I will use the GFDL-ESM4
CMIP6 model from NOAA. According to the CHELSA documentation, if all
five available models are not used together, then CMIP6 model usage
should follow the given priority (see documentation linked above). These
climate rasters should be moved to their respective folders within
maxent/future_climate_rasters/chelsa2.1_30arcsec
once the
download is complete.
SSP126
if(FALSE) {
# ssp370 data
chelsa_126_URLs <- read_table(
file = file.path(here::here(), "data-raw", "CHELSA", "chelsa_2041-2070_GFDL-ESM4_ssp126_bioclim_URLs.txt"),
col_names = FALSE
) %>%
as.data.frame() %>%
dplyr::select("X1") %>%
dplyr::rename("URL" = "X1")
# select only URLs I am interested in
chelsa_126_URLs <- slice(.data = chelsa_126_URLs, 1:19)

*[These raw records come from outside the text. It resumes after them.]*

lemma coarsens_remove_point:
  assumes co: "coarsens T (S \<union> {{y}})" and y: "y \<notin> \<Union>S" and B: "B \<in> T" "y \<in> B"
  shows "coarsens (insert (B - {y}) (T - {B}) - {{}}) S"
proof -
  have part: "is_partition T" and UT: "\<Union>T = \<Union>S \<union> {y}"
    and fam: "\<And>X. X \<in> T \<Longrightarrow> \<exists>F\<subseteq>S \<union> {{y}}. X = \<Union>F"
    using co unfolding coarsens_def by auto
  have disj: "X \<inter> X' = {}" if "X \<in> T" "X' \<in> T" "X \<noteq> X'" for X X'
    using part that unfolding is_partition_def by blast
  have yX: "y \<notin> X" if "X \<in> T - {B}" for X
    using disj[OF B(1)] that B(2) by blast
  have block: "\<exists>F\<subseteq>S. X - {y} = \<Union>F" if X: "X \<in> T" for X
  proof -
    obtain F where "F \<subseteq> S \<union> {{y}}" "X = \<Union>F" using fam[OF X] by blast
    then show ?thesis using y by (intro exI[of _ "F - {{y}}"]) auto
  qed
  let ?T' = "insert (B - {y}) (T - {B}) - {{}}"
  have T': "X \<in> ?T' \<longleftrightarrow> X \<noteq> {} \<and> (X = B - {y} \<or> X \<in> T - {B})" for X
    by blast
  show ?thesis
    unfolding coarsens_def is_partition_def
  proof (intro conjI ballI impI)
    have "\<Union>?T' = (B - {y}) \<union> \<Union>(T - {B})" by auto
    also have "\<dots> = \<Union>T - {y}" using yX B(1) by auto
    finally show "\<Union>?T' = \<Union>S" using UT y by auto
    fix X assume X: "X \<in> ?T'"
    then show "X \<noteq> {}" by (simp add: T')
    from X consider "X = B - {y}" | "X \<in> T - {B}" unfolding T' by blast
    then show "\<exists>F\<subseteq>S. X = \<Union>F"
    proof cases
      case 2
      then have "X \<in> T" "X - {y} = X" using yX by auto
      then show ?thesis using block by metis
    qed (use block[OF B(1)] in simp)
    fix X' assume X': "X' \<in> ?T'" and "X \<noteq> X'"
    with X consider "X \<in> T - {B}" "X' \<in> T - {B}" | "X = B - {y}" "X' \<in> T - {B}"
      | "X \<in> T - {B}" "X' = B - {y}"
      unfolding T' by blast
    then show "X \<inter> X' = {}"
      by cases (use \<open>X \<noteq> X'\<close> disj[OF B(1)] disj in blast)+
  qed
qed


section \<open>Partition negative association\<close>

lemma PNA_partition: "PNA S \<mu> \<Longrightarrow> is_partition S" "PNA S \<mu> \<Longrightarrow> \<Union>S \<subseteq> pdom \<mu>"
  by (simp_all add: PNA_def)

lemma PNA_D:
  assumes "PNA S \<mu>" "coarsens T S" "\<forall>A\<in>T. \<forall>m. dom m = A \<longrightarrow> 0 \<le> f A m"
     "(\<forall>A\<in>T. mono_mem A (f A)) \<or> (\<forall>A\<in>T. antimono_mem A (f A))"
  shows "(\<integral>\<^sup>+ m. ennreal (\<Prod>A\<in>T. f A (m |` A)) \<partial>measure_pmf \<mu>)
          \<le> (\<Prod>A\<in>T. \<integral>\<^sup>+ m. ennreal (f A (m |` A)) \<partial>measure_pmf \<mu>)"
  by (rule conjunct2[OF conjunct2[OF assms(1)[unfolded PNA_def]], rule_format]) (use assms(2-) in auto)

# loop to download ssp126 URLs
for(i in 1:nrow(chelsa_126_URLs)) {
file.tmp <- chelsa_126_URLs[i, ]
utils::browseURL(url = file.tmp)
}
}
SSP370
if(FALSE) {
# ssp370 data
chelsa_370_URLs <- read_table(file = file.path(here::here(), "data-raw", "CHELSA", "chelsa_2041-2070_GFDL-ESM4_ssp370_bioclim_URLs.txt"),
col_names = FALSE) %>%
as.data.frame() %>%
dplyr::select("X1") %>%
dplyr::rename("URL" = "X1")
# select only URLs I am interested in
chelsa_370_URLs <- slice(.data = chelsa_370_URLs, 1:19)
# loop to download ssp370 URLs
for(i in 1:nrow(chelsa_370_URLs)) {
file.tmp <- chelsa_370_URLs[i, ]
utils::browseURL(url = file.tmp)
}
}
SSP585
if(FALSE) {
# ssp370 data
chelsa_585_URLs <- read_table(
file = file.path(here::here(), "data-raw", "CHELSA", "chelsa_2041-2070_GFDL-ESM4_ssp585_bioclim_URLs.txt"),
col_names = FALSE
) %>%
as.data.frame() %>%
dplyr::select("X1") %>%
dplyr::rename("URL" = "X1")
# select only URLs I am interested in
chelsa_585_URLs <- slice(.data = chelsa_585_URLs, 1:19)

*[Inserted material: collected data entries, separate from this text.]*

lemma all_projs_subset_Pol: "all_projs \<subseteq> Pol \<Gamma>"
  using proj_in_Pol by (auto simp: all_projs_def projs_def)

lemma sum_wsupp_eq_sum_ops:
  assumes "is_weighting (\<omega> :: 'd::finite weighting)"
  shows "(\<Sum>f\<in>wsupp \<omega>. snd \<omega> f * v f) = (\<Sum>f\<in>ops (fst \<omega>). snd \<omega> f * v f)"
proof (rule sum.mono_neutral_left)
  show "finite (ops (fst \<omega>) :: 'd op set)"
    by (rule finite_ops)
  show "wsupp \<omega> \<subseteq> ops (fst \<omega>)"
    using projs_subset_ops by (auto simp: wsupp_def)
  show "\<forall>f\<in>ops (fst \<omega>) - wsupp \<omega>. snd \<omega> f * v f = 0"
    using assms by (force simp: wsupp_def is_weighting_def)
qed

lemma supp_set_wPol_subset_Pol: "supp_set (wPol \<Gamma>) \<subseteq> Pol \<Gamma>"
proof
  fix f
  assume "f \<in> supp_set (wPol \<Gamma>)"
  then consider "f \<in> all_projs" | \<omega> where "\<omega> \<in> wPol \<Gamma>" "f \<in> wsupp \<omega>"
    by (auto simp: supp_set_def)
  then show "f \<in> Pol \<Gamma>"
  proof cases
    case 1
    then show ?thesis
      using all_projs_subset_Pol by blast
  next
    case 2
    then have "is_weighting \<omega>" "\<forall>\<gamma>\<in>\<Gamma>. is_pol f \<gamma>"
      by (auto simp: wPol_def is_wpol_def)
    moreover have "f \<in> ops (fst \<omega>)"
      using 2(2) projs_subset_ops by (auto simp: wsupp_def)
    ultimately show ?thesis
      by (auto simp: Pol_def all_ops_def is_weighting_def)
  qed
qed

section \<open>Constructions in a weighted relational clone\<close>

lemma value_infinite_if_not_Feas:
  "length y = fst \<gamma> \<Longrightarrow> y \<notin> Feas \<gamma> \<Longrightarrow> snd \<gamma> y = \<infinity>"
  unfolding Feas_def by (simp add: less_ereal.simps(5) top.not_eq_extremum)

definition wsum :: "'d wrel \<Rightarrow> 'd wrel \<Rightarrow> 'd wrel" where
  "wsum \<gamma>1 \<gamma>2 = wadd (fst \<gamma>1) (\<lambda>i. i) (\<lambda>i. i) \<gamma>1 \<gamma>2"

lemma fst_wsum [simp]: "fst (wsum \<gamma>1 \<gamma>2) = fst \<gamma>1"
  by (simp add: wsum_def wadd_def)

lemma snd_wsum:
  "fst \<gamma>2 = fst \<gamma>1 \<Longrightarrow> length x = fst \<gamma>1 \<Longrightarrow> snd (wsum \<gamma>1 \<gamma>2) x = snd \<gamma>1 x + snd \<gamma>2 x"
  using map_nth[of x] by (simp add: wsum_def wadd_def)

lemma fst_wscale [simp]: "fst (wscale c \<gamma>) = fst \<gamma>"
  by (simp add: wscale_def)

lemma fst_wconst [simp]: "fst (wconst c \<gamma>) = fst \<gamma>"
  by (simp add: wconst_def)

lemma fst_Opt [simp]: "fst (Opt \<gamma>) = fst \<gamma>"
  by (simp add: Opt_def)

lemma Feas_Opt: "Feas (Opt \<gamma>) = {x \<in> Feas \<gamma>. \<forall>y. length y = fst \<gamma> \<longrightarrow> snd \<gamma> x \<le> snd \<gamma> y}"
  unfolding Opt_def Feas_def by auto

locale weighted_clone =
  fixes \<Gamma> :: "'d::finite wrel set"
  assumes clone: "weighted_relational_clone \<Gamma>"
begin

lemma value_neq_minf: "\<gamma> \<in> \<Gamma> \<Longrightarrow> snd \<gamma> x \<noteq> -\<infinity>"
  using clone unfolding weighted_relational_clone_def Phi_def by (cases \<gamma>) auto

lemma Feas_value_real: "\<gamma> \<in> \<Gamma> \<Longrightarrow> x \<in> Feas \<gamma> \<Longrightarrow> snd \<gamma> x = ereal (real_of_ereal (snd \<gamma> x))"
  using value_neq_minf[of \<gamma> x] unfolding Feas_def by (cases "snd \<gamma> x") auto

lemma wadd_in: "\<gamma>1 \<in> \<Gamma> \<Longrightarrow> \<gamma>2 \<in> \<Gamma> \<Longrightarrow> \<forall>i<fst \<gamma>1. \<sigma> i < r \<Longrightarrow> \<forall>j<fst \<gamma>2. \<tau> j < r \<Longrightarrow>
    wadd r \<sigma> \<tau> \<gamma>1 \<gamma>2 \<in> \<Gamma>"
  using clone unfolding weighted_relational_clone_def by blast

lemma wscale_in: "\<gamma> \<in> \<Gamma> \<Longrightarrow> 0 \<le> c \<Longrightarrow> wscale c \<gamma> \<in> \<Gamma>"
  using clone unfolding weighted_relational_clone_def by blast

lemma wconst_in: "\<gamma> \<in> \<Gamma> \<Longrightarrow> wconst c \<gamma> \<in> \<Gamma>"
  using clone unfolding weighted_relational_clone_def by blast

lemma Opt_in: "\<gamma> \<in> \<Gamma> \<Longrightarrow> Opt \<gamma> \<in> \<Gamma>"
  using clone unfolding weighted_relational_clone_def by blast

lemma phi_eq_in: "phi_eq \<in> \<Gamma>"
  using clone unfolding weighted_relational_clone_def by blast

lemma closed_coords: "closed (wcoords F ` {\<gamma> \<in> \<Gamma>. fst \<gamma> = m \<and> Feas \<gamma> = F})"
  using clone unfolding weighted_relational_clone_def top_closed_def by blast

lemma wsum_in: "\<gamma>1 \<in> \<Gamma> \<Longrightarrow> \<gamma>2 \<in> \<Gamma> \<Longrightarrow> fst \<gamma>2 = fst \<gamma>1 \<Longrightarrow> wsum \<gamma>1 \<gamma>2 \<in> \<Gamma>"
  unfolding wsum_def by (rule wadd_in) auto

lemma Feas_wsum:
  assumes "\<gamma>1 \<in> \<Gamma>" "\<gamma>2 \<in> \<Gamma>" "fst \<gamma>2 = fst \<gamma>1"
  shows "Feas (wsum \<gamma>1 \<gamma>2) = Feas \<gamma>1 \<inter> Feas \<gamma>2"
proof -
  have "snd \<gamma>1 x + snd \<gamma>2 x < \<infinity> \<longleftrightarrow> snd \<gamma>1 x < \<infinity> \<and> snd \<gamma>2 x < \<infinity>" for x
    using value_neq_minf[OF assms(1), of x] value_neq_minf[OF assms(2), of x]
    by (cases "snd \<gamma>1 x"; cases "snd \<gamma>2 x") auto
  then show ?thesis
    using assms(3) by (auto simp: Feas_def snd_wsum)
qed

lemma Feas_wscale: "\<gamma> \<in> \<Gamma> \<Longrightarrow> Feas (wscale c \<gamma>) = Feas \<gamma>"
  using value_neq_minf[of \<gamma>] unfolding Feas_def wscale_def
  by (auto simp: less_ereal.simps(5) top.not_eq_extremum ereal_mult_less_right)

lemma Feas_wconst: "\<gamma> \<in> \<Gamma> \<Longrightarrow> Feas (wconst c \<gamma>) = Feas \<gamma>"
  using value_neq_minf[of \<gamma>] unfolding Feas_def wconst_def
  by (auto simp: less_ereal.simps(5) top.not_eq_extremum)

text \<open>Adding the binary equality relation on a repeated variable turns the addition rule
  into a pure renaming of variables.\<close>
lemma minor_in:
  assumes "\<gamma> \<in> \<Gamma>" "0 < r" "\<forall>i<fst \<gamma>. \<pi> i < r"
  shows "\<exists>\<gamma>'\<in>\<Gamma>. fst \<gamma>' = r \<and>
           (\<forall>x. length x = r \<longrightarrow> snd \<gamma>' x = snd \<gamma> (map (\<lambda>i. x ! \<pi> i) [0..<fst \<gamma>]))"
proof
  let ?\<gamma>' = "wadd r \<pi> (\<lambda>_. 0) \<gamma> phi_eq"
  show "?\<gamma>' \<in> \<Gamma>"
    using assms by (intro wadd_in phi_eq_in) auto
  show "fst ?\<gamma>' = r \<and> (\<forall>x. length x = r \<longrightarrow> snd ?\<gamma>' x = snd \<gamma> (map (\<lambda>i. x ! \<pi> i) [0..<fst \<gamma>]))"
    by (simp add: wadd_def phi_eq_def)
qed

lemma zero_relation_in:
  assumes "0 < r"
  shows "\<exists>Z\<in>\<Gamma>. fst Z = r \<and> (\<forall>x. length x = r \<longrightarrow> snd Z x = 0)"
  using minor_in[OF phi_eq_in assms, of "\<lambda>_. 0"] assms by (simp add: phi_eq_def)

lemma pullback_in:
  assumes "\<gamma> \<in> \<Gamma>" "length ys = k" "\<forall>y\<in>set ys. length y = fst \<gamma>"
  shows "\<exists>\<gamma>'\<in>\<Gamma>. fst \<gamma>' = CARD('d) ^ k \<and>
           (\<forall>g. snd \<gamma>' (op_table k g) = snd \<gamma> (app_op g (fst \<gamma>) ys))"
proof -
  let ?T = "enum_tuples k :: 'd list list"
  have "map (\<lambda>y. y ! j) ys \<in> set ?T" for j
    using assms(2) by (simp add: set_enum_tuples)
  then have "\<forall>j. \<exists>i. i < length ?T \<and> ?T ! i = map (\<lambda>y. y ! j) ys"
    by (simp add: in_set_conv_nth)
  then obtain \<pi> where \<pi>: "\<And>j. \<pi> j < length ?T" "\<And>j. ?T ! \<pi> j = map (\<lambda>y. y ! j) ys"
    by metis
  obtain \<gamma>' where "\<gamma>' \<in> \<Gamma>" "fst \<gamma>' = length ?T"
    and \<gamma>': "\<And>x. length x = length ?T \<Longrightarrow> snd \<gamma>' x = snd \<gamma> (map (\<lambda>i. x ! \<pi> i) [0..<fst \<gamma>])"
    using minor_in[OF assms(1), of "length ?T" \<pi>] \<pi>(1) length_enum_tuples_pos by blast
  have "snd \<gamma>' (op_table k g) = snd \<gamma> (app_op g (fst \<gamma>) ys)" for g :: "'d op"
    using \<gamma>'[of "op_table k g"] \<pi> by (simp add: op_table_def app_op_def length_enum_tuples)
  with \<open>\<gamma>' \<in> \<Gamma>\<close> \<open>fst \<gamma>' = length ?T\<close> show ?thesis
    by (auto simp: length_enum_tuples)
qed

lemma intersection_avoiding_in:
  assumes "finite A" "0 < m" "\<forall>z\<in>F. length z = m"
    and avoid: "\<And>z. z \<in> A \<Longrightarrow> \<exists>\<gamma>\<in>\<Gamma>. fst \<gamma> = m \<and> F \<subseteq> Feas \<gamma> \<and> z \<notin> Feas \<gamma>"
  shows "\<exists>\<delta>\<in>\<Gamma>. fst \<delta> = m \<and> F \<subseteq> Feas \<delta> \<and> A \<inter> Feas \<delta> = {}"
  using assms(1) avoid
proof (induction A rule: finite_induct)
  case empty
  obtain Z where "Z \<in> \<Gamma>" "fst Z = m" "\<forall>x. length x = m \<longrightarrow> snd Z x = 0"
    using zero_relation_in[OF \<open>0 < m\<close>] by blast
  with assms(3) show ?case
    by (auto simp: Feas_def)
next
  case (insert z A)
  then obtain \<delta> where \<delta>: "\<delta> \<in> \<Gamma>" "fst \<delta> = m" "F \<subseteq> Feas \<delta>" "A \<inter> Feas \<delta> = {}"
    by blast
  obtain \<gamma> where \<gamma>: "\<gamma> \<in> \<Gamma>" "fst \<gamma> = m" "F \<subseteq> Feas \<gamma>" "z \<notin> Feas \<gamma>"
    using insert.prems by blast
  have "wsum \<delta> \<gamma> \<in> \<Gamma>" "Feas (wsum \<delta> \<gamma>) = Feas \<delta> \<inter> Feas \<gamma>"
    using \<delta> \<gamma> by (simp_all add: wsum_in Feas_wsum)
  with \<delta> \<gamma> show ?case
    by (intro bexI[of _ "wsum \<delta> \<gamma>"]) auto
qed

definition feasible_tables :: "nat \<Rightarrow> 'd list set" where
  "feasible_tables k = op_table k ` (Pol \<Gamma> \<inter> ops k)"

lemma length_feasible_tables: "z \<in> feasible_tables k \<Longrightarrow> length z = CARD('d) ^ k"
  by (auto simp: feasible_tables_def)

lemma feasible_tables_subset_Feas_pullback:
  assumes "\<gamma> \<in> \<Gamma>" "length ys = k" "set ys \<subseteq> Feas \<gamma>"
    and "fst \<gamma>' = CARD('d) ^ k" "\<forall>g. snd \<gamma>' (op_table k g) = snd \<gamma> (app_op g (fst \<gamma>) ys)"
  shows "feasible_tables k \<subseteq> Feas \<gamma>'"
proof
  fix z
  assume "z \<in> feasible_tables k"
  then obtain g where g: "g \<in> Pol \<Gamma>" "g \<in> ops k" and z: "z = op_table k g"
    by (auto simp: feasible_tables_def)
  have "app_op g (fst \<gamma>) ys \<in> Feas \<gamma>"
    using g assms(1-3) unfolding Pol_def is_pol_def ops_def by auto
  then show "z \<in> Feas \<gamma>'"
    using assms(4) assms(5)[rule_format, of g] by (simp add: z Feas_def)
qed

lemma non_polymorphism_table_excluded:
  assumes "1 \<le> k" "length z = CARD('d) ^ k" "z \<notin> feasible_tables k"
  shows "\<exists>\<gamma>'\<in>\<Gamma>. fst \<gamma>' = CARD('d) ^ k \<and> feasible_tables k \<subseteq> Feas \<gamma>' \<and> z \<notin> Feas \<gamma>'"
proof -
  obtain g where g: "g \<in> ops k" "op_table k g = z"
    using op_table_surj[OF assms(2)] by blast
  with assms(1,3) have "g \<in> all_ops - Pol \<Gamma>"
    by (auto simp: feasible_tables_def all_ops_def)
  then obtain \<gamma> where "\<gamma> \<in> \<Gamma>" "\<not> is_pol g \<gamma>"
    unfolding Pol_def by blast
  moreover have "fst g = k"
    using g(1) by (auto simp: ops_def)
  ultimately obtain ys where ys: "length ys = k" "set ys \<subseteq> Feas \<gamma>" "app_op g (fst \<gamma>) ys \<notin> Feas \<gamma>"
    unfolding is_pol_def by auto
  have "\<forall>y\<in>set ys. length y = fst \<gamma>"
    using ys(2) by (auto simp: Feas_def)
  then obtain \<gamma>' where \<gamma>': "\<gamma>' \<in> \<Gamma>" "fst \<gamma>' = CARD('d) ^ k"
    "\<forall>g. snd \<gamma>' (op_table k g) = snd \<gamma> (app_op g (fst \<gamma>) ys)"
    using pullback_in[OF \<open>\<gamma> \<in> \<Gamma>\<close> ys(1)] by blast
  have "snd \<gamma> (app_op g (fst \<gamma>) ys) = \<infinity>"
    using value_infinite_if_not_Feas[OF _ ys(3)] by (simp add: app_op_def)
  then have "z \<notin> Feas \<gamma>'"
    using \<gamma>'(3)[rule_format, of g] g(2) by (simp add: Feas_def)
  with \<gamma>' show ?thesis
    using feasible_tables_subset_Feas_pullback[OF \<open>\<gamma> \<in> \<Gamma>\<close> ys(1,2) \<gamma>'(2,3)] by blast
qed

# loop to download ssp370 URLs
for(i in 1:nrow(chelsa_585_URLs)) {
file.tmp <- chelsa_585_URLs[i, ]
utils::browseURL(url = file.tmp)
}
}
2. Tidy for MaxEnt
Next, I need to tidy these rasters for MaxEnt. I will need to mask
any data that is over the oceans or other bodies of water. I will also
need to create downsized versions of these variables that can be used in
step 3 to assess the level of correlation between the different
variables. Lastly, I will rename the files and convert them to the
required .ascii
format for MaxEnt.
I will mask the CHELSA bioclim rasters using the worldclim version of
bio1, annual mean temperature (mask
). The worldclim version
has the continents already cut out, making it a good choice for the
masking. I will use the chelsa bio1 version (main
) as a
reference to resample the new layers after setting the CRS and
extent.
2.1 Load in files
First, I will load in the reference layers
# set path to external directory
mypath <- file.path(here::here() %>%
dirname(),
"maxent/historical_climate_rasters/chelsa2.1_30arcsec")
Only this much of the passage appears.